Recent changes to the intersection of US 93 and Pierce Ferry, the road to the Grand Canyon West, and the addition of several truck stops on US 93 north of Dolan Springs have made the highway far more dangerous. Slow speed trucks entering and crossing US 93 create a situation for high-speed crashes. In 2022 there have been several fatal crashes between milepost-1 and milepost-50 on US 93.

===Response Times===
Response times can be long in the LMRFD, at times taking hours for EMS to arrive. If the LMRFD is responding to a call in Meadview when an accident near Hoover Dam has occurred, it can take over four hours for EMS to arrive to the Hoover Dam.

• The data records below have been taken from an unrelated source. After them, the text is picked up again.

lemma integral_magn_diff_le:
  assumes "finite S" and "N \<ge> 0" and L8: "Lam (N div 8) \<subseteq> S" and "\<beta> > 0" and "\<Delta> > 0"
    and mono: "\<forall>v\<in>bdry S. \<tau>m v \<le> \<tau>p v"
    and inc: "increasing_set S \<Omega>p" and "\<Omega>p \<noteq> {}" and dec: "decreasing_set S \<Omega>m" and "\<Omega>m \<noteq> {}"
  shows "\<Delta> * integral {0..1} (\<lambda>t. magn \<beta> h \<Delta> \<Delta>' N S \<tau>p t \<Omega>p - magn \<beta> h \<Delta> \<Delta>' N S \<tau>m t \<Omega>m)
    \<le> (ln (part_fun \<beta> h \<Delta> \<Delta>' N S \<tau>p 1 \<Omega>p) - ln (part_fun \<beta> h \<Delta> \<Delta>' N S \<tau>p 0 \<Omega>p)
      - (ln (part_fun \<beta> h \<Delta> \<Delta>' N S \<tau>m 1 \<Omega>m) - ln (part_fun \<beta> h \<Delta> \<Delta>' N S \<tau>m 0 \<Omega>m))) / \<beta>"
proof -
  let ?cs = "\<lambda>\<tau> t \<Omega> v. cond_spin \<beta> h \<Delta> \<Delta>' N S \<tau> t \<Omega> v"
  let ?f = "\<lambda>t. magn \<beta> h \<Delta> \<Delta>' N S \<tau>p t \<Omega>p - magn \<beta> h \<Delta> \<Delta>' N S \<tau>m t \<Omega>m"
  have sub: "\<Omega>p \<subseteq> configs S" "\<Omega>m \<subseteq> configs S"
    using increasing_set_subset[OF inc] decreasing_set_subset[OF dec] .
  have "?f integrable_on {0..1}"
    using assms sub by (intro integrable_continuous_interval continuous_on_diff continuous_on_magn)
  then have "((\<lambda>t. \<beta> * \<Delta> * ?f t) has_integral \<beta> * \<Delta> * integral {0..1} ?f) {0..1}"
    by (intro has_integral_mult_right integrable_integral)
  moreover have "((\<lambda>t. \<beta> * \<Delta> * (\<Sum>v\<in>Lam (N div 8). ?cs \<tau>p t \<Omega>p v) - \<beta> * \<Delta> * (\<Sum>v\<in>Lam (N div 8). ?cs \<tau>m t \<Omega>m v))
      has_integral ln (part_fun \<beta> h \<Delta> \<Delta>' N S \<tau>p 1 \<Omega>p) - ln (part_fun \<beta> h \<Delta> \<Delta>' N S \<tau>p 0 \<Omega>p)
      - (ln (part_fun \<beta> h \<Delta> \<Delta>' N S \<tau>m 1 \<Omega>m) - ln (part_fun \<beta> h \<Delta> \<Delta>' N S \<tau>m 0 \<Omega>m))) {0..1}"
    using assms sub by (intro has_integral_diff has_integral_sum_cond_spin)
  moreover have "\<beta> * \<Delta> * ?f t
      \<le> \<beta> * \<Delta> * (\<Sum>v\<in>Lam (N div 8). ?cs \<tau>p t \<Omega>p v) - \<beta> * \<Delta> * (\<Sum>v\<in>Lam (N div 8). ?cs \<tau>m t \<Omega>m v)" for t
  proof -
    have L32: "Lam (N div 32) \<subseteq> Lam (N div 8)" using assms(2) by (intro Lam_mono zdiv_mono2) auto
    have "?f t = (\<Sum>v\<in>Lam (N div 32). ?cs \<tau>p t \<Omega>p v - ?cs \<tau>m t \<Omega>m v)"
      unfolding magn_def by (simp add: sum_subtractf)
    also have "\<dots> \<le> (\<Sum>v\<in>Lam (N div 8). ?cs \<tau>p t \<Omega>p v - ?cs \<tau>m t \<Omega>m v)"
      using L8 cond_spin_mono[OF assms(1) _ _ mono inc assms(8) dec assms(10)] assms(4)
      by (intro sum_mono2[OF finite_Lam L32]) auto
    finally show ?thesis using assms(4,5) by (simp add: sum_subtractf right_diff_distrib[symmetric])
  qed
  ultimately have "\<beta> * \<Delta> * integral {0..1} ?f
    \<le> ln (part_fun \<beta> h \<Delta> \<Delta>' N S \<tau>p 1 \<Omega>p) - ln (part_fun \<beta> h \<Delta> \<Delta>' N S \<tau>p 0 \<Omega>p)
      - (ln (part_fun \<beta> h \<Delta> \<Delta>' N S \<tau>m 1 \<Omega>m) - ln (part_fun \<beta> h \<Delta> \<Delta>' N S \<tau>m 0 \<Omega>m))"
    by (rule has_integral_le)
  then show ?thesis using assms(4) by (simp add: le_divide_eq mult.commute mult.left_commute)
qed

theorem lemma3p4:
  fixes h :: "vtx \<Rightarrow> real" and \<beta> \<Delta> \<Delta>' :: real and n :: nat and N :: int
    and S :: "vtx set" and \<tau>p \<tau>m :: "vtx \<Rightarrow> real"
    and \<Omega>p \<Omega>m :: "(vtx \<Rightarrow> real) set"
  assumes "\<beta> > 0" and "N = 2 ^ n" and "n \<ge> 10" and "\<Delta> > 0" and "\<Delta>' \<ge> 0"
    and "S \<subseteq> Lam N" and "Lam (N div 8) \<subseteq> S"
    and "\<tau>p \<in> configs (bdry S)" and "\<tau>m \<in> configs (bdry S)"
    and "\<forall>v\<in>bdry S. \<tau>m v \<le> \<tau>p v"
    and "\<Omega>p \<noteq> {}" and "increasing_set S \<Omega>p"
    and "\<Omega>m \<noteq> {}" and "decreasing_set S \<Omega>m"
  shows "\<Delta> * integral {0..1} (\<lambda>t. magn \<beta> h \<Delta> \<Delta>' N S \<tau>p t \<Omega>p - magn \<beta> h \<Delta> \<Delta>' N S \<tau>m t \<Omega>m)
     \<le> 8 * (\<Sum>v\<in>bdry S. \<tau>p v - \<tau>m v)
        - (1/\<beta>) * (ln (gibbs \<beta> h \<Delta> \<Delta>' N S \<tau>p 0 \<Omega>p) + ln (gibbs \<beta> h \<Delta> \<Delta>' N S \<tau>m 1 \<Omega>m))"
proof -
  have "finite S" using assms(6) finite_Lam finite_subset by blast
  have sub: "\<Omega>p \<subseteq> configs S" "\<Omega>m \<subseteq> configs S"
    using increasing_set_subset[OF assms(12)] decreasing_set_subset[OF assms(14)] .
  have "\<Delta> * integral {0..1} (\<lambda>t. magn \<beta> h \<Delta> \<Delta>' N S \<tau>p t \<Omega>p - magn \<beta> h \<Delta> \<Delta>' N S \<tau>m t \<Omega>m)
    \<le> (ln (part_fun \<beta> h \<Delta> \<Delta>' N S \<tau>p 1 \<Omega>p) - ln (part_fun \<beta> h \<Delta> \<Delta>' N S \<tau>p 0 \<Omega>p)
      - (ln (part_fun \<beta> h \<Delta> \<Delta>' N S \<tau>m 1 \<Omega>m) - ln (part_fun \<beta> h \<Delta> \<Delta>' N S \<tau>m 0 \<Omega>m))) / \<beta>"
    using \<open>finite S\<close> assms by (intro integral_magn_diff_le) simp_all
  also have "\<dots> \<le> (8 * \<beta> * (\<Sum>v\<in>bdry S. \<tau>p v - \<tau>m v)
      - (ln (gibbs \<beta> h \<Delta> \<Delta>' N S \<tau>p 0 \<Omega>p) + ln (gibbs \<beta> h \<Delta> \<Delta>' N S \<tau>m 1 \<Omega>m))) / \<beta>"
    using \<open>finite S\<close> assms sub by (intro divide_right_mono ln_part_fun_increments_le) simp_all
  also have "\<dots> = 8 * (\<Sum>v\<in>bdry S. \<tau>p v - \<tau>m v)
      - (1/\<beta>) * (ln (gibbs \<beta> h \<Delta> \<Delta>' N S \<tau>p 0 \<Omega>p) + ln (gibbs \<beta> h \<Delta> \<Delta>' N S \<tau>m 1 \<Omega>m))"
    using assms(1) by (simp add: diff_divide_distrib)
  finally show ?thesis .
qed

end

Medical helicopters respond to accidents on US 93, but protocols don't allow them to transport a patient until a firefighter from the LMRFD has arrived and assessed the patient.

Emergency medical service units average more than 14 minutes in rural settings, with nearly 1 of 10 encounters waiting almost a half hour for the arrival of EMS personnel. Longer EMS response times have been associated with worse outcomes in trauma patients.